There are so many people on the waiting list for transplant and when you hear some of their stories it’s just heart wrenching. You know, people that have lived all of their lives in and out of hospital, suffering horrendous health problems. And you know in our family we, touch wood, have all been blessed with good health. And for a lot of people who have, never have health issues they don’t really ever think about people that have got these health issues. And it’s not until it touches your life that you realise how many people are affected.

And, oh we’ve always been great believers in organ donation, and I think if people can, if people can talk about it and get as much information as they can and get their names onto a register, which is so important. And if you have to make that decision, if you’re forearmed, forearmed? You know if you’ve got all the information there, it makes the decision really so much easier. And we felt in control of that.
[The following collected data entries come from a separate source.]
lemma compact_Baire_ball:
  fixes X :: "'a::metric_space set" and A :: "nat \<Rightarrow> 'a set"
  assumes "compact X" "X \<noteq> {}" "\<And>M. closed (A M)" "X \<subseteq> (\<Union>M. A M)"
  shows "\<exists>M c \<rho>. c \<in> X \<and> \<rho> > 0 \<and> X \<inter> ball c \<rho> \<subseteq> A M"
proof -
  let ?T = "top_of_set X"
  have "\<exists>M. ?T interior_of (X \<inter> A M) \<noteq> {}"
  proof (rule ccontr)
    assume "\<nexists>M. ?T interior_of (X \<inter> A M) \<noteq> {}"
    then have "?T interior_of (\<Union>M. X \<inter> A M) = {}"
      using assms(1,3)
      by (intro Baire_category_alt)
         (auto intro!: compact_imp_locally_compact_space compact_space_subtopology
            regular_space_subtopology regular_space_euclidean closedin_closed_Int)
    moreover have "(\<Union>M. X \<inter> A M) = X" using assms(4) by blast
    ultimately show False
      using assms(2) by (metis interior_of_topspace topspace_euclidean_subtopology)
  qed
  then obtain M c where c: "c \<in> ?T interior_of (X \<inter> A M)" by blast
  moreover have "openin ?T (?T interior_of (X \<inter> A M))" by simp
  ultimately obtain \<rho> where "\<rho> > 0" "ball c \<rho> \<inter> X \<subseteq> ?T interior_of (X \<inter> A M)"
    unfolding openin_contains_ball by blast
  moreover have "c \<in> X" using c interior_of_subset_topspace by fastforce
  ultimately show ?thesis using interior_of_subset[of ?T "X \<inter> A M"] by blast
qed

lemma uniform_length_by_padding:
  fixes X :: "'a::metric_space set"
  assumes "compact X"
    and reach: "\<And>a. a \<in> X \<Longrightarrow> \<exists>w\<in>lists {1..k}. \<exists>R>0. \<forall>a'\<in>X. dist a' a < R \<longrightarrow> fold f w a' \<in> G"
    and good: "\<And>a n. a \<in> G \<Longrightarrow> n \<ge> M \<Longrightarrow> \<exists>w\<in>words k n. Q (fold f w a)"
  shows "\<exists>N. \<forall>a\<in>X. \<exists>w\<in>words k N. Q (fold f w a)"
proof -
  obtain W R where WR: "\<And>a. a \<in> X \<Longrightarrow>
      W a \<in> lists {1..k} \<and> R a > 0 \<and> (\<forall>a'\<in>X. dist a' a < R a \<longrightarrow> fold f (W a) a' \<in> G)"
    using reach by metis
  obtain K where K: "K \<subseteq> X" "finite K" "X \<subseteq> (\<Union>a\<in>K. ball a (R a))"
  proof (rule compactE_image[OF assms(1), of X "\<lambda>a. ball a (R a)"])
    show "X \<subseteq> (\<Union>a\<in>X. ball a (R a))" using WR by force
  qed auto
  define N where "N = (\<Sum>a\<in>K. length (W a)) + M"
  have "\<exists>w\<in>words k N. Q (fold f w a')" if a': "a' \<in> X" for a'
  proof -
    obtain a where a: "a \<in> K" "dist a' a < R a" using K a' by (auto simp: dist_commute)
    have "length (W a) \<le> (\<Sum>a\<in>K. length (W a))"
      by (rule member_le_sum[OF a(1)]) (simp_all add: K(2))
    then have len: "length (W a) \<le> N" "M \<le> N - length (W a)" by (simp_all add: N_def)
    have "fold f (W a) a' \<in> G" using WR a K(1) a' by blast
    then obtain w where w: "w \<in> words k (N - length (W a))" "Q (fold f w (fold f (W a) a'))"
      using good len(2) by blast
    have "W a @ w \<in> words k N" using w(1) WR a K(1) len by (auto simp: words_def)
    then show ?thesis using w(2) by (auto intro!: bexI)
  qed
  then show ?thesis by blast
qed

lemma uniform_word_length:
  fixes X :: "'a::metric_space set"
  assumes "compact X" "k \<ge> 1"
    and f: "\<And>i. i \<in> {1..k} \<Longrightarrow> continuous_on X (f i) \<and> f i ` X \<subseteq> X"
    and conv: "\<And>a. a \<in> X \<Longrightarrow> (\<lambda>n. hausdist ((hutchinson k f ^^ n) {a}) X) \<longlonglongrightarrow> 0"
    and "b \<in> X" "\<delta> > 0"
  shows "\<exists>N. \<forall>a\<in>X. \<exists>w\<in>words k N. dist (fold f w a) b < \<delta>"
proof -
  have bX: "bounded X" using assms(1) by (rule compact_imp_bounded)
  have cont: "continuous_on X (fold f w)" if "w \<in> lists {1..k}" for w
    using that by (intro continuous_on_fold f) auto
  define A where "A M = (\<Inter>n\<in>{M..}. \<Union>w\<in>words k n. X \<inter> fold f w -` cball b (\<delta>/2))" for M
  have "closed (X \<inter> fold f w -` cball b (\<delta>/2))" if "w \<in> words k n" for w n
    using cont that compact_imp_closed[OF assms(1)]
    by (intro continuous_closed_preimage) (auto simp: words_def)
  then have "closed (A M)" for M
    unfolding A_def using finite_words by (intro closed_INT closed_UN ballI) auto
  moreover have "X \<subseteq> (\<Union>M. A M)"
  proof
    fix a assume a: "a \<in> X"
    obtain P where "\<forall>n\<ge>P. \<exists>w\<in>words k n. dist (fold f w a) b < \<delta>/2"
      using eventually_word_near[OF bX assms(2,5) _ conv[OF a], of "\<delta>/2"] assms(6)
      unfolding eventually_sequentially by (meson half_gt_zero)
    then have "a \<in> A P"
      using a unfolding A_def by (fastforce simp: dist_commute)
    then show "a \<in> (\<Union>M. A M)" by blast
  qed
  ultimately obtain M c \<rho> where c: "c \<in> X" "\<rho> > 0" "X \<inter> ball c \<rho> \<subseteq> A M"
    using compact_Baire_ball[of X A] assms(1,5) by blast
  show ?thesis
  proof (rule uniform_length_by_padding[OF assms(1)])
    fix a assume a: "a \<in> X"
    obtain n w where w: "w \<in> words k n" "dist (fold f w a) c < \<rho>"
      using eventually_happens'[OF sequentially_bot eventually_word_near[OF bX assms(2) c(1,2) conv[OF a]]]
      by blast
    then have wX: "fold f w ` X \<subseteq> X"
      using f by (intro fold_image_subset) (force simp: words_def)
    have "continuous_on X (fold f w)" using cont w(1) by (simp add: words_def)
    moreover have "\<rho> - dist (fold f w a) c > 0" using w(2) by simp
    ultimately obtain R where R: "R > 0"
      "\<forall>a'\<in>X. dist a' a < R \<longrightarrow> dist (fold f w a') (fold f w a) < \<rho> - dist (fold f w a) c"
      using a unfolding continuous_on_iff by blast
    have "fold f w a' \<in> X \<inter> ball c \<rho>" if "a' \<in> X" "dist a' a < R" for a'
    proof -
      have "dist (fold f w a') (fold f w a) < \<rho> - dist (fold f w a) c" using R(2) that by blast
      then have "dist (fold f w a') c < \<rho>"
        using dist_triangle[of "fold f w a'" c "fold f w a"] by linarith
      then show ?thesis using that(1) wX by (auto simp: dist_commute)
    qed
    then show "\<exists>w\<in>lists {1..k}. \<exists>R>0. \<forall>a'\<in>X. dist a' a < R \<longrightarrow> fold f w a' \<in> X \<inter> ball c \<rho>"
      using w(1) R(1) by (auto simp: words_def)
  next
    fix a n assume "a \<in> X \<inter> ball c \<rho>" "M \<le> n"
    then have "a \<in> A M" using c(3) by blast
    then obtain w where w: "w \<in> words k n" "dist b (fold f w a) \<le> \<delta>/2"
      using \<open>M \<le> n\<close> unfolding A_def by auto
    have "dist (fold f w a) b < \<delta>" using w(2) assms(6) by (simp add: dist_commute)
    then show "\<exists>w\<in>words k n. dist (fold f w a) b < \<delta>" using w(1) by blast
  qed
qed
lemma PiM_convolution:
  fixes F G :: "real measure"
  assumes F: "real_distribution F" and G: "real_distribution G" and I: "finite I"
  shows "distr (PiM I (\<lambda>_. F) \<Otimes>\<^sub>M PiM I (\<lambda>_. G)) (PiM I (\<lambda>_. borel)) (\<lambda>(a, b). \<lambda>i\<in>I. a i + b i)
    = PiM I (\<lambda>_. F \<star> G)"
proof -
  interpret F: real_distribution F by fact
  interpret G: real_distribution G by fact
  interpret FG: real_distribution "F \<star> G" using F G by (rule real_distribution_convolution)
  interpret PF: product_prob_space "\<lambda>_. F" by standard
  interpret PG: product_prob_space "\<lambda>_. G" by standard
  interpret PFG: product_prob_space "\<lambda>_. F \<star> G" by standard
  have PiG: "sigma_finite_measure (PiM I (\<lambda>_. G))"
    by (intro prob_space_imp_sigma_finite prob_space_PiM G.prob_space_axioms)
  define add where "add x = (\<lambda>i\<in>I. fst x i + snd x i :: real)" for x :: "(_ \<Rightarrow> real) \<times> (_ \<Rightarrow> real)"
  have [measurable]: "add \<in> measurable (PiM I (\<lambda>_. F) \<Otimes>\<^sub>M PiM I (\<lambda>_. G)) (PiM I (\<lambda>_. borel))"
    unfolding add_def by measurable
  have "distr (PiM I (\<lambda>_. F) \<Otimes>\<^sub>M PiM I (\<lambda>_. G)) (PiM I (\<lambda>_. borel)) add = PiM I (\<lambda>_. F \<star> G)"
  proof (rule PFG.PiM_eqI[OF I])
    show "sets (distr (PiM I (\<lambda>_. F) \<Otimes>\<^sub>M PiM I (\<lambda>_. G)) (PiM I (\<lambda>_. borel)) add) = sets (PiM I (\<lambda>_. F \<star> G))"
      unfolding sets_distr by (rule sets_PiM_cong) simp_all
    fix A assume A: "\<And>i. i \<in> I \<Longrightarrow> A i \<in> sets (F \<star> G)"
    then have [measurable]: "A i \<in> sets borel" if "i \<in> I" for i using that by simp
    have box: "Pi\<^sub>E I A \<in> sets (PiM I (\<lambda>_. borel))" using A I by (intro sets_PiM_I_finite) auto
    have "emeasure (distr (PiM I (\<lambda>_. F) \<Otimes>\<^sub>M PiM I (\<lambda>_. G)) (PiM I (\<lambda>_. borel)) add) (Pi\<^sub>E I A) =
        (\<integral>\<^sup>+x. indicator (Pi\<^sub>E I A) (add x) \<partial>(PiM I (\<lambda>_. F) \<Otimes>\<^sub>M PiM I (\<lambda>_. G)))"
      using box by (simp add: nn_integral_distr nn_integral_indicator[symmetric] del: nn_integral_indicator)
    also have "\<dots> = (\<integral>\<^sup>+x. (\<Prod>i\<in>I. indicator (A i) (fst x i + snd x i)) \<partial>(PiM I (\<lambda>_. F) \<Otimes>\<^sub>M PiM I (\<lambda>_. G)))"
      by (simp add: add_def indicator_PiE_restrict[OF I])
    also have "\<dots> = (\<integral>\<^sup>+a. \<integral>\<^sup>+b. (\<Prod>i\<in>I. indicator (A i) (a i + b i)) \<partial>PiM I (\<lambda>_. G) \<partial>PiM I (\<lambda>_. F))"
    proof -
      have "(\<lambda>x. \<Prod>i\<in>I. indicator (A i) (fst x i + snd x i) :: ennreal)
          \<in> borel_measurable (PiM I (\<lambda>_. F) \<Otimes>\<^sub>M PiM I (\<lambda>_. G))" by measurable
      from sigma_finite_measure.nn_integral_fst[OF PiG this] show ?thesis by simp
    qed
    also have "\<dots> = (\<integral>\<^sup>+a. (\<Prod>i\<in>I. \<integral>\<^sup>+y. indicator (A i) (a i + y) \<partial>G) \<partial>PiM I (\<lambda>_. F))"
      by (intro nn_integral_cong PG.product_nn_integral_prod[OF I]) simp
    also have "\<dots> = (\<Prod>i\<in>I. \<integral>\<^sup>+x. \<integral>\<^sup>+y. indicator (A i) (x + y) \<partial>G \<partial>F)"
      by (rule PF.product_nn_integral_prod[OF I, of "\<lambda>i x. \<integral>\<^sup>+y. indicator (A i) (x + y) \<partial>G"]) measurable
    also have "\<dots> = (\<Prod>i\<in>I. emeasure (F \<star> G) (A i))"
      using A by (intro prod.cong refl convolution_emeasure'[symmetric]) auto
    finally show "emeasure (distr (PiM I (\<lambda>_. F) \<Otimes>\<^sub>M PiM I (\<lambda>_. G)) (PiM I (\<lambda>_. borel)) add) (Pi\<^sub>E I A) =
        (\<Prod>i\<in>I. emeasure (F \<star> G) (A i))" .
  qed
  moreover have "(\<lambda>(a, b). \<lambda>i\<in>I. a i + b i) = add" by (auto simp: add_def)
  ultimately show ?thesis by simp
qed

definition vec_borel :: "nat \<Rightarrow> (nat \<Rightarrow> real) measure" where
  "vec_borel n = PiM {..<n} (\<lambda>_. borel)"

definition vec_add :: "nat \<Rightarrow> (nat \<Rightarrow> real) \<Rightarrow> (nat \<Rightarrow> real) \<Rightarrow> nat \<Rightarrow> real" where
  "vec_add n a b = (\<lambda>i\<in>{..<n}. a i + b i)"

lemma measurable_vec_add[measurable]:
  "(\<lambda>(a, b). vec_add n a b) \<in> measurable (vec_borel n \<Otimes>\<^sub>M vec_borel n) (vec_borel n)"
  unfolding vec_add_def vec_borel_def split_beta' by measurable

lemma vec_add_right_commute: "vec_add n (vec_add n z y) y' = vec_add n (vec_add n z y') y"
  by (auto simp: vec_add_def fun_eq_iff)

lemma sets_sample: "sets F = sets borel \<Longrightarrow> sets (sample n F) = sets (vec_borel n)"
  unfolding sample_def vec_borel_def by (rule sets_PiM_cong) simp_all

lemma sample_convolution:
  assumes "real_distribution F" "real_distribution G"
  shows "sample n (F \<star> G) = distr (sample n F \<Otimes>\<^sub>M sample n G) (vec_borel n) (\<lambda>(a, b). vec_add n a b)"
  using PiM_convolution[OF assms finite_lessThan] by (simp add: sample_def vec_borel_def vec_add_def)

lemma sample_conv_pow_Suc:
  assumes "real_distribution H"
  shows "sample n (conv_pow H (Suc m)) =
    distr (sample n (conv_pow H m) \<Otimes>\<^sub>M sample n H) (vec_borel n) (\<lambda>(a, b). vec_add n a b)"
proof (cases m)
  case 0
  then show ?thesis
    using sample_convolution[OF real_distribution_return[of 0] assms] convolution_return_0[OF assms] by simp
next
  case (Suc k)
  then show ?thesis using sample_convolution[OF real_distribution_conv_pow[OF assms] assms] by simp
qed

text \<open>Where the average is undefined, the fallback \<open>z 0\<close> is itself equivariant, so averaging
  preserves equivariance everywhere and not only almost everywhere.\<close>

definition shift_average ::
    "nat \<Rightarrow> (nat \<Rightarrow> real) measure \<Rightarrow> ((nat \<Rightarrow> real) \<Rightarrow> real) \<Rightarrow> (nat \<Rightarrow> real) \<Rightarrow> real" where
  "shift_average n Q u z =
    (if integrable Q (\<lambda>y. u (vec_add n z y)) then \<integral>y. u (vec_add n z y) \<partial>Q else z 0)"

lemma borel_measurable_shift_average:
  assumes "prob_space Q" and [measurable_cong]: "sets Q = sets (vec_borel n)" and "0 < n"
    and [measurable]: "u \<in> borel_measurable (vec_borel n)"
  shows "shift_average n Q u \<in> borel_measurable (vec_borel n)"
proof -
  interpret Q: prob_space Q by fact
  have [measurable]: "(\<lambda>z. z 0) \<in> borel_measurable (vec_borel n)"
    unfolding vec_borel_def using \<open>0 < n\<close> by (intro measurable_component_singleton) auto
  have "(\<lambda>z. if (\<integral>\<^sup>+y. ennreal (norm (u (vec_add n z y))) \<partial>Q) < \<infinity> then \<integral>y. u (vec_add n z y) \<partial>Q else z 0)
      \<in> borel_measurable (vec_borel n)"
    by measurable
  moreover have "shift_average n Q u z =
      (if (\<integral>\<^sup>+y. ennreal (norm (u (vec_add n z y))) \<partial>Q) < \<infinity> then \<integral>y. u (vec_add n z y) \<partial>Q else z 0)"
    if "z \<in> space (vec_borel n)" for z
    using that by (simp add: shift_average_def integrable_iff_bounded)
  ultimately show ?thesis by (subst measurable_cong) auto
qed

lemma equivariant_shift_average:
  assumes "prob_space Q" and "0 < n" and u: "equivariant n u"
  shows "equivariant n (shift_average n Q u)"
  unfolding equivariant_def
proof (intro ballI allI)
  interpret Q: prob_space Q by fact
  fix x :: "nat \<Rightarrow> real" and c :: real
  define x' where "x' = restrict (\<lambda>i. x i + c) {..<n}"
  have shift: "u (vec_add n x' y) = u (vec_add n x y) + c" for y
  proof -
    have "vec_add n x' y = restrict (\<lambda>i. vec_add n x y i + c) {..<n}"
      by (auto simp: x'_def vec_add_def fun_eq_iff)
    moreover have "vec_add n x y \<in> space (PiM {..<n} (\<lambda>_. borel))"
      by (simp add: vec_add_def space_PiM)
    ultimately show ?thesis using u unfolding equivariant_def by simp
  qed
  have "integrable Q (\<lambda>y. u (vec_add n x' y)) \<longleftrightarrow> integrable Q (\<lambda>y. u (vec_add n x y))"
  proof
    assume "integrable Q (\<lambda>y. u (vec_add n x' y))"
    then have "integrable Q (\<lambda>y. u (vec_add n x' y) - c)" by simp
    then show "integrable Q (\<lambda>y. u (vec_add n x y))" unfolding shift by simp
  next
    assume "integrable Q (\<lambda>y. u (vec_add n x y))"
    then have "integrable Q (\<lambda>y. u (vec_add n x y) + c)" by simp
    then show "integrable Q (\<lambda>y. u (vec_add n x' y))" unfolding shift by simp
  qed
  moreover have "x' 0 = x 0 + c" using \<open>0 < n\<close> by (simp add: x'_def)
  ultimately show "shift_average n Q u (restrict (\<lambda>i. x i + c) {..<n}) = shift_average n Q u x + c"
    unfolding x'_def[symmetric] shift_average_def shift by (simp add: Q.prob_space)
qed

lemma pitman_var_le_variance:
  assumes "real_distribution F" and "t \<in> borel_measurable (sample n F)"
    and "equivariant n t" and "integrable (sample n F) (\<lambda>x. (t x)\<^sup>2)"
  shows "pitman_var n F \<le> prob_space.variance (sample n F) t"
  unfolding pitman_var_def
proof (rule cInf_lower)
  interpret S: prob_space "sample n F"
    unfolding sample_def using assms(1) by (intro prob_space_PiM) (simp add: real_distribution_def)
  show "prob_space.variance (sample n F) t \<in> {prob_space.variance (sample n F) t | t.
      t \<in> borel_measurable (sample n F) \<and> equivariant n t \<and> integrable (sample n F) (\<lambda>x. (t x)\<^sup>2)}"
    using assms(2-4) by blast
  show "bdd_below {prob_space.variance (sample n F) t | t.
      t \<in> borel_measurable (sample n F) \<and> equivariant n t \<and> integrable (sample n F) (\<lambda>x. (t x)\<^sup>2)}"
    by (rule bdd_belowI[of _ 0]) (auto intro: S.variance_positive)
qed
I think you know, if we hadn’t have talked about it and we were approached about organ donation, it would have been far more difficult for us. And, I mean people can go and get hold of a lot more information, it helps tremendously.
 


Some donor families were keen on raising awareness of organ donation and had been interviewed about their experiences on TV, radio or in newspapers. Several felt it was important that organ donation was discussed in schools so that people would be more aware of it from a young age. Catherine and Tom (Interview 13) felt that giving people information was important so that they could make an informed choice about organ donation.
 

Organ donation was one of the few positives Craig and Sandra had after their daughter’s death....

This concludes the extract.